We stayed in that new barracks for several days and one by one were brought to the medical centre and put under general anaesthetic while we had our chips removed. No biometric ID, no life. Not in this country. No turning back … After the operation we were held in recovery for a day, then returned to barracks. I could feel an itch deep in my arm where the chip had been and when I asked the others said they had the same feeling. A phantom chip. On the sixth afternoon, Hughes and Hifa and I were called and taken to another lorry; we’d have said goodbye to Yos and the other Defenders, if we’d known that was the last time we’d see them. From the angle of the light through the side of the vehicle I got the impression that we were heading south. We were driven until it was dark. Another barracks, but this time we were there hardly any time at all, an hour at most, before some Guards came into the room. From the look on their faces I could see this was what the Help had called kuishia : the ending. They seemed sad rather than angry; also implacable. We were taken down a series of concrete tunnels and then suddenly were out in the open air, and a Guard ship was waiting, with a lifeboat tied to the side. As soon as I saw it I realised it was going to be ours. We were led across a gangway to the ship. The Guard captain was waiting for us and he, weirdly or generously, I’m still not sure which, maybe both, saluted us and shook our hands. The ship cast off and we headed out to sea and we were led downstairs to a small unfurnished cabin and the door was locked behind us.

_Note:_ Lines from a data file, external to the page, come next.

(* Let $0<r<1$. In the RRH with redirection parameter $r$, for every $N\ge 1$, $$\mathbb{E}[\mathcal{R}_2(N)]=\frac{1}{r}\left[\frac{\Gamma(N+r)}{\Gamma(1+r)\,\Gamma(N)}-1\right],$$ and consequently $\mathbb{E}[\mathcal{R}_2(N)]\sim \dfrac{N^r}{r\,\Gamma(1+r)}$ as $N\to\infty$.
   Context: The RRH with redirection parameter $r\in[0,1)$ is the following random hypergraph process. At size $N=1$ it has vertex set $\{v_1\}$ and edge set $\{\{v_1\}\}$. Given the hypergraph of size $N$ (vertices $v_1,\dots,v_N$, $N$ edges), choose an existing edge $e$ uniformly at random and add a new vertex $v_{N+1}$ and one new edge, as follows. If $e=\{v_1\}$, the new edge is $\{v_1,v_{N+1}\}$. Otherwise write $e=\{v_{i_1},\dots,v_{i_n}\}$ with $1=i_1<\dots<i_n$, $n\ge2$; independently, with probability $1-r$ the new edge is $e\cup\{v_{N+1}\}$ and with probability $r$ it is $\{v_{i_1},\dots,v_{i_{n-1}},v_{N+1}\}$. $\mathcal{R}_k(N)$ denotes the number of edges of size $k$ at size $N$. *)

theory Defs
  imports "HOL-Probability.Probability" "HOL-Library.Landau_Symbols"
begin

text \<open>A hypergraph of size N is represented by the list of its N edges (in order of
creation); each edge is the strictly increasing list of the indices of its vertices
(vertex v_i is represented by i).\<close>

type_synonym hgraph = "nat list list"

definition rrh_step :: "real \<Rightarrow> hgraph \<Rightarrow> hgraph pmf" where
  "rrh_step r H =
     bind_pmf (pmf_of_set {..<length H}) (\<lambda>i.
       (let e = H ! i; v = Suc (length H) in
        if e = [1] then return_pmf (H @ [[1, v]])
        else bind_pmf (bernoulli_pmf r) (\<lambda>redirect.
               return_pmf (H @ [if redirect then butlast e @ [v] else e @ [v]]))))"

text \<open>rrh_aux r n is the hypergraph of size n+1.\<close>
primrec rrh_aux :: "real \<Rightarrow> nat \<Rightarrow> hgraph pmf" where
  "rrh_aux r 0 = return_pmf [[1]]"
| "rrh_aux r (Suc n) = bind_pmf (rrh_aux r n) (rrh_step r)"

text \<open>The RRH of size N (meaningful for N \<ge> 1).\<close>
definition rrh :: "real \<Rightarrow> nat \<Rightarrow> hgraph pmf" where
  "rrh r N = rrh_aux r (N - 1)"

definition num_edges :: "nat \<Rightarrow> hgraph \<Rightarrow> nat" where
  "num_edges k H = length (filter (\<lambda>e. length e = k) H)"

definition expected_R :: "real \<Rightarrow> nat \<Rightarrow> nat \<Rightarrow> real" where
  "expected_R r k N = measure_pmf.expectation (rrh r N) (\<lambda>H. real (num_edges k H))"

end

theory Submission
  imports Defs "HOL-Real_Asymp.Real_Asymp"
begin

text \<open>Let \<open>R\<^sub>N\<close> be the number of edges of size 2 in the hypergraph of size \<open>N\<close>. The chosen
  edge is \<open>{v\<^sub>1}\<close> with probability \<open>1/N\<close>, which always creates a new edge of size 2, and it
  is an edge of size 2 with probability \<open>R\<^sub>N/N\<close>, which creates one exactly when redirecting,
  i.e. with probability \<open>r\<close>; every other choice creates an edge of size at least 3. Hence
  \<open>\<bbbE> R\<^sub>N\<^sub>+\<^sub>1 = (1 + r/N) \<bbbE> R\<^sub>N + 1/N\<close> with \<open>R\<^sub>1 = 0\<close>, a linear recurrence solved by
  \<open>(\<Gamma>(N+r)/(\<Gamma>(1+r)\<Gamma>(N)) - 1)/r\<close> thanks to \<open>\<Gamma>(x+1) = x\<Gamma>(x)\<close>. The asymptotics follow from
  \<open>\<Gamma>(N+r)/\<Gamma>(N) \<sim> N\<^sup>r\<close>, a consequence of Gauss's product formula for \<open>\<Gamma>\<close>.\<close>

lemma expectation_bind_pmf_finite:
  fixes h :: "'b \<Rightarrow> real"
  assumes "finite (set_pmf p)" "\<And>x. x \<in> set_pmf p \<Longrightarrow> finite (set_pmf (f x))"
  shows "measure_pmf.expectation (p \<bind> f) h =
           measure_pmf.expectation p (\<lambda>x. measure_pmf.expectation (f x) h)"
  using assms
  by (simp add: pmf_expectation_bind[of "set_pmf p"] integral_measure_pmf[of "set_pmf p"])

lemma sum_list_map_of_bool: "(\<Sum>x\<leftarrow>xs. of_bool (P x)) = (of_nat (length (filter P xs)) :: 'a::semiring_1)"
  by (induction xs) auto

definition rrh_wellformed :: "hgraph \<Rightarrow> bool" where
  "rrh_wellformed H \<longleftrightarrow>
     length (filter (\<lambda>e. e = [1]) H) = 1 \<and> (\<forall>e\<in>set H. e = [1] \<or> 2 \<le> length e)"

definition rrh_extend :: "real \<Rightarrow> hgraph \<Rightarrow> nat list \<Rightarrow> hgraph pmf" where
  "rrh_extend r H e = (let v = Suc (length H) in
     if e = [1] then return_pmf (H @ [[1, v]])
     else map_pmf (\<lambda>redirect. H @ [if redirect then butlast e @ [v] else e @ [v]])
            (bernoulli_pmf r))"

lemma rrh_step_eq: "rrh_step r H = pmf_of_set {..<length H} \<bind> (\<lambda>i. rrh_extend r H (H ! i))"
  unfolding rrh_step_def rrh_extend_def map_pmf_def Let_def ..

lemma set_pmf_rrh_step:
  assumes "H \<noteq> []"
  shows "set_pmf (rrh_step r H) = (\<Union>i<length H. set_pmf (rrh_extend r H (H ! i)))"
proof -
  have "set_pmf (pmf_of_set {..<length H}) = {..<length H}"
    using assms by (intro set_pmf_of_set) (auto simp: lessThan_empty_iff)
  then show ?thesis by (simp add: rrh_step_eq)
qed

lemma finite_set_pmf_rrh_extend: "finite (set_pmf (rrh_extend r H e))"
  by (auto simp: rrh_extend_def Let_def)

lemma rrh_extend_wellformed:
  assumes "rrh_wellformed H" "e \<in> set H" "H' \<in> set_pmf (rrh_extend r H e)"
  shows "length H' = Suc (length H) \<and> rrh_wellformed H'"
proof (cases "e = [1]")
  case True
  then show ?thesis using assms by (auto simp: rrh_wellformed_def rrh_extend_def)
next
  case False
  with assms have "2 \<le> length e" by (auto simp: rrh_wellformed_def)
  moreover obtain b where "H' = H @ [if b then butlast e @ [Suc (length H)] else e @ [Suc (length H)]]"
    using assms(3) False by (auto simp: rrh_extend_def Let_def)
  ultimately show ?thesis using assms(1) by (cases b) (auto simp: rrh_wellformed_def)
qed

lemma rrh_aux_wellformed:
  "H \<in> set_pmf (rrh_aux r n) \<Longrightarrow> length H = Suc n \<and> rrh_wellformed H"
proof (induction n arbitrary: H)
  case 0
  then show ?case by (simp add: rrh_wellformed_def)
next
  case (Suc n)
  then obtain H0 where H0: "H0 \<in> set_pmf (rrh_aux r n)" "H \<in> set_pmf (rrh_step r H0)"
    by auto
  with Suc.IH have "length H0 = Suc n" "rrh_wellformed H0" by auto
  moreover obtain i where "i < length H0" "H \<in> set_pmf (rrh_extend r H0 (H0 ! i))"
    using H0(2) set_pmf_rrh_step[of H0 r] \<open>length H0 = Suc n\<close> by fastforce
  ultimately show ?case using rrh_extend_wellformed[of H0 "H0 ! i" H r] by auto
qed

lemma finite_set_pmf_rrh_step: "H \<noteq> [] \<Longrightarrow> finite (set_pmf (rrh_step r H))"
  by (simp add: set_pmf_rrh_step finite_set_pmf_rrh_extend)

lemma finite_set_pmf_rrh_aux: "finite (set_pmf (rrh_aux r n))"
proof (induction n)
  case (Suc n)
  have "finite (set_pmf (rrh_step r H))" if "H \<in> set_pmf (rrh_aux r n)" for H
  proof (rule finite_set_pmf_rrh_step)
    show "H \<noteq> []" using rrh_aux_wellformed[OF that] by auto
  qed
  with Suc show ?case by simp
qed simp

lemma expectation_rrh_extend:
  assumes "0 \<le> r" "r \<le> 1" "e = [1] \<or> 2 \<le> length e"
  shows "measure_pmf.expectation (rrh_extend r H e) (\<lambda>H. real (num_edges 2 H))
           = real (num_edges 2 H) + of_bool (e = [1]) + r * of_bool (length e = 2)"
  using assms
  by (auto simp: rrh_extend_def num_edges_def algebra_simps)

lemma expectation_rrh_step:
  assumes "rrh_wellformed H" "H \<noteq> []" "0 \<le> r" "r \<le> 1"
  shows "measure_pmf.expectation (rrh_step r H) (\<lambda>H. real (num_edges 2 H))
           = real (num_edges 2 H) + (1 + r * real (num_edges 2 H)) / real (length H)"
proof -
  have "{..<length H} \<noteq> {}" using assms(2) by (simp add: lessThan_empty_iff)
  define inc where "inc e = of_bool (e = [1]) + r * of_bool (length e = 2)" for e :: "nat list"
  have "(\<Sum>i<length H. inc (H ! i)) = (\<Sum>e\<leftarrow>H. inc e)"
    by (simp add: sum_list_sum_nth lessThan_atLeast0)
  also have "\<dots> = 1 + r * real (num_edges 2 H)"
    using assms(1)
    by (simp add: inc_def sum_list_addf sum_list_const_mult sum_list_map_of_bool
        num_edges_def rrh_wellformed_def)
  finally have sum_inc: "(\<Sum>i<length H. inc (H ! i)) = 1 + r * real (num_edges 2 H)" .
  have "measure_pmf.expectation (rrh_step r H) (\<lambda>H. real (num_edges 2 H))
          = (\<Sum>i<length H. (real (num_edges 2 H) + inc (H ! i)) / real (length H))"
    using assms \<open>{..<length H} \<noteq> {}\<close>
    by (auto simp: rrh_step_eq pmf_expectation_bind_pmf_of_set finite_set_pmf_rrh_extend
        expectation_rrh_extend rrh_wellformed_def inc_def add.assoc divide_inverse mult.commute
        intro!: sum.cong)
  also have "\<dots> = (\<Sum>i<length H. real (num_edges 2 H) + inc (H ! i)) / real (length H)"
    by (simp add: sum_divide_distrib)
  finally show ?thesis
    using sum_inc assms(2) by (simp add: sum.distrib field_simps)
qed

lemma expected_R_2_Suc:
  assumes "0 \<le> r" "r \<le> 1" "1 \<le> N"
  shows "expected_R r 2 (Suc N) = expected_R r 2 N * (1 + r / real N) + 1 / real N"
proof -
  obtain n where N: "N = Suc n" using assms(3) by (cases N) auto
  let ?R = "\<lambda>H. real (num_edges 2 H)"
  have "expected_R r 2 (Suc N)
          = measure_pmf.expectation (rrh_aux r n) (\<lambda>H. measure_pmf.expectation (rrh_step r H) ?R)"
    unfolding expected_R_def rrh_def N using rrh_aux_wellformed
    by (fastforce intro: expectation_bind_pmf_finite finite_set_pmf_rrh_aux finite_set_pmf_rrh_step)
  also have "\<dots> = measure_pmf.expectation (rrh_aux r n) (\<lambda>H. ?R H * (1 + r / real N) + 1 / real N)"
  proof (intro integral_cong_AE AE_pmfI)
    fix H assume "H \<in> set_pmf (rrh_aux r n)"
    then have "length H = N" "rrh_wellformed H" "H \<noteq> []"
      using rrh_aux_wellformed[of H r n] N by auto
    then show "measure_pmf.expectation (rrh_step r H) ?R = ?R H * (1 + r / real N) + 1 / real N"
      using expectation_rrh_step[of H r] assms by (simp add: field_simps)
  qed simp_all
  also have "\<dots> = expected_R r 2 N * (1 + r / real N) + 1 / real N"
    by (simp add: expected_R_def rrh_def N integrable_measure_pmf_finite finite_set_pmf_rrh_aux)
  finally show ?thesis .
qed

lemma Gamma_quotient_recurrence:
  fixes r x :: real
  assumes "0 < r" "0 < x"
  shows "(1 / r) * (Gamma (x + 1 + r) / (Gamma (1 + r) * Gamma (x + 1)) - 1)
           = (1 / r) * (Gamma (x + r) / (Gamma (1 + r) * Gamma x) - 1) * (1 + r / x) + 1 / x"
proof -
  have not_nonpos_Int: "y \<notin> \<int>\<^sub>\<le>\<^sub>0" if "0 < y" for y :: real
    using that nonpos_Ints_nonpos by fastforce
  have "Gamma (x + 1 + r) = (x + r) * Gamma (x + r)" "Gamma (x + 1) = x * Gamma x"
    using Gamma_plus1[OF not_nonpos_Int, of "x + r"] Gamma_plus1[OF not_nonpos_Int, of x] assms
    by (simp_all add: add_ac)
  moreover have "Gamma (1 + r) \<noteq> 0" "Gamma x \<noteq> 0"
    using Gamma_real_pos[of "1 + r"] Gamma_real_pos[of x] assms by (auto simp del: Gamma_real_pos)
  ultimately show ?thesis using assms by (simp add: field_simps)
qed

lemma expected_R_2_closed_form:
  assumes "0 < r" "r \<le> 1" "1 \<le> N"
  shows "expected_R r 2 N = (1 / r) * (Gamma (real N + r) / (Gamma (1 + r) * Gamma (real N)) - 1)"
  using assms(3)
proof (induction N rule: dec_induct)
  case base
  have "Gamma (1 + r) > 0" using assms(1) by simp
  then show ?case by (simp add: expected_R_def rrh_def num_edges_def add.commute)
next
  case (step N)
  then show ?case
    using expected_R_2_Suc[of r N] Gamma_quotient_recurrence[of r "real N"] assms
    by (simp add: add_ac)
qed

lemma Gamma_quotient_asymp_equiv:
  fixes r :: real
  assumes "r \<notin> \<int>\<^sub>\<le>\<^sub>0"
  shows "(\<lambda>N::nat. Gamma (real N + r) / Gamma (real N)) \<sim>[at_top] (\<lambda>N. real N powr r)"
proof (rule asymp_equivI')
  have Gamma_r: "Gamma r \<noteq> 0" using assms by (simp add: Gamma_eq_zero_iff)
  have "eventually (\<lambda>N. Gamma r / Gamma_series' r N
          = Gamma (real N + r) / Gamma (real N) / real N powr r) at_top"
    using eventually_gt_at_top[of 0]
  proof eventually_elim
    case (elim N)
    have "fact (N - 1) = Gamma (real N)"
      using Gamma_fact[of "N - 1", where 'a=real] elim by (simp add: of_nat_diff)
    moreover have "pochhammer r N = Gamma (r + real N) / Gamma r"
      using pochhammer_Gamma[OF assms] by simp
    moreover have "exp (r * ln (real N)) = real N powr r" using elim by (simp add: powr_def)
    moreover have "Gamma (real N) > 0" "real N powr r > 0" using elim by auto
    ultimately show ?case using Gamma_r by (simp add: Gamma_series'_def field_simps add.commute)
  qed
  moreover have "(\<lambda>N. Gamma r / Gamma_series' r N) \<longlonglongrightarrow> Gamma r / Gamma r"
    by (intro tendsto_divide tendsto_const Gamma_series'_LIMSEQ Gamma_r)
  ultimately show "(\<lambda>N. Gamma (real N + r) / Gamma (real N) / real N powr r) \<longlonglongrightarrow> 1"
    using Gamma_r tendsto_cong by fastforce
qed

lemma expected_R_2_asymp_equiv:
  assumes "0 < r" "r \<le> 1"
  shows "(\<lambda>N. expected_R r 2 N) \<sim>[at_top] (\<lambda>N. real N powr r / (r * Gamma (1 + r)))"
proof -
  define c where "c = r * Gamma (1 + r)"
  have "c > 0" using assms by (simp add: c_def)
  have quotient: "(\<lambda>N::nat. Gamma (real N + r) / Gamma (real N) / c) \<sim>[at_top] (\<lambda>N. real N powr r / c)"
    using assms by (intro asymp_equiv_intros Gamma_quotient_asymp_equiv) (auto dest: nonpos_Ints_nonpos)
  have constant_negligible: "(\<lambda>N::nat. - 1 / r) \<in> o(\<lambda>N. real N powr r / c)"
    using assms \<open>c > 0\<close> by (simp add: landau_o.small.cdiv) real_asymp
  have "(\<lambda>N::nat. Gamma (real N + r) / Gamma (real N) / c + - 1 / r)
          \<sim>[at_top] (\<lambda>N. real N powr r / c)"
    by (rule asymp_equiv_add_right[OF constant_negligible, THEN iffD2, OF quotient])
  moreover have "eventually (\<lambda>N. Gamma (real N + r) / Gamma (real N) / c + - 1 / r
                                = expected_R r 2 N) at_top"
    using eventually_ge_at_top[of 1]
  proof eventually_elim
    case (elim N)
    have "Gamma (real N) > 0" using elim by simp
    then show ?case using assms elim by (simp add: expected_R_2_closed_form c_def field_simps)
  qed
  ultimately show ?thesis unfolding c_def by (rule asymp_equiv_transfer) simp
qed

theorem mainTheorem15:
  fixes r :: real
  assumes "0 < r" and "r < 1"
  shows "(\<forall>N::nat. N \<ge> 1 \<longrightarrow>
           expected_R r 2 N =
             (1 / r) * (Gamma (real N + r) / (Gamma (1 + r) * Gamma (real N)) - 1))
       \<and> (\<lambda>N::nat. expected_R r 2 N) \<sim>[at_top] (\<lambda>N. real N powr r / (r * Gamma (1 + r)))"
  using expected_R_2_closed_form[of r] expected_R_2_asymp_equiv[of r] assms by auto

end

Up to that point my despair had left me numb to other feelings. Despair, grief, numbness, blankness. But not much else. I felt there was nothing I could do, and as a corollary (maybe) that there was therefore nothing else that it was necessary to feel. Everything that happened had been inevitable. Now and for the first time, I felt afraid, very very afraid. The boat would be lowered into the water and we would be lost, with the same complete lack of agency we had had ever since the night of the attack. The feeling that I had been relying on to keep me numb – that there was nothing I could do – suddenly became a source of overmastering fear. There’s nothing you can do. That thought can be a comfort, or it can be a terror. Panic, the need to flee, the impossibility of fleeing, the desperate need to escape combined with the certainty that you can’t escape, the sense that you are going to die of dread right there in that moment. My heart was beating fast and erratically. There was no air in the cabin. The lights had been turned up and were flickering. I was frying in my clothes, where I’d felt cold only seconds before. Hifa saw me freaking out and put a hand on my arm. I flinched, as if I’d had an electric shock, then thought, why am I flinching, and that new idea was just enough, turned my attention just enough, to allow me to start slowing down.
‘It’s OK,’ said Hifa, which was so not true it was a help. She wasn’t looking at her best, pale and shaky, which turned out to be the start of her seasickness.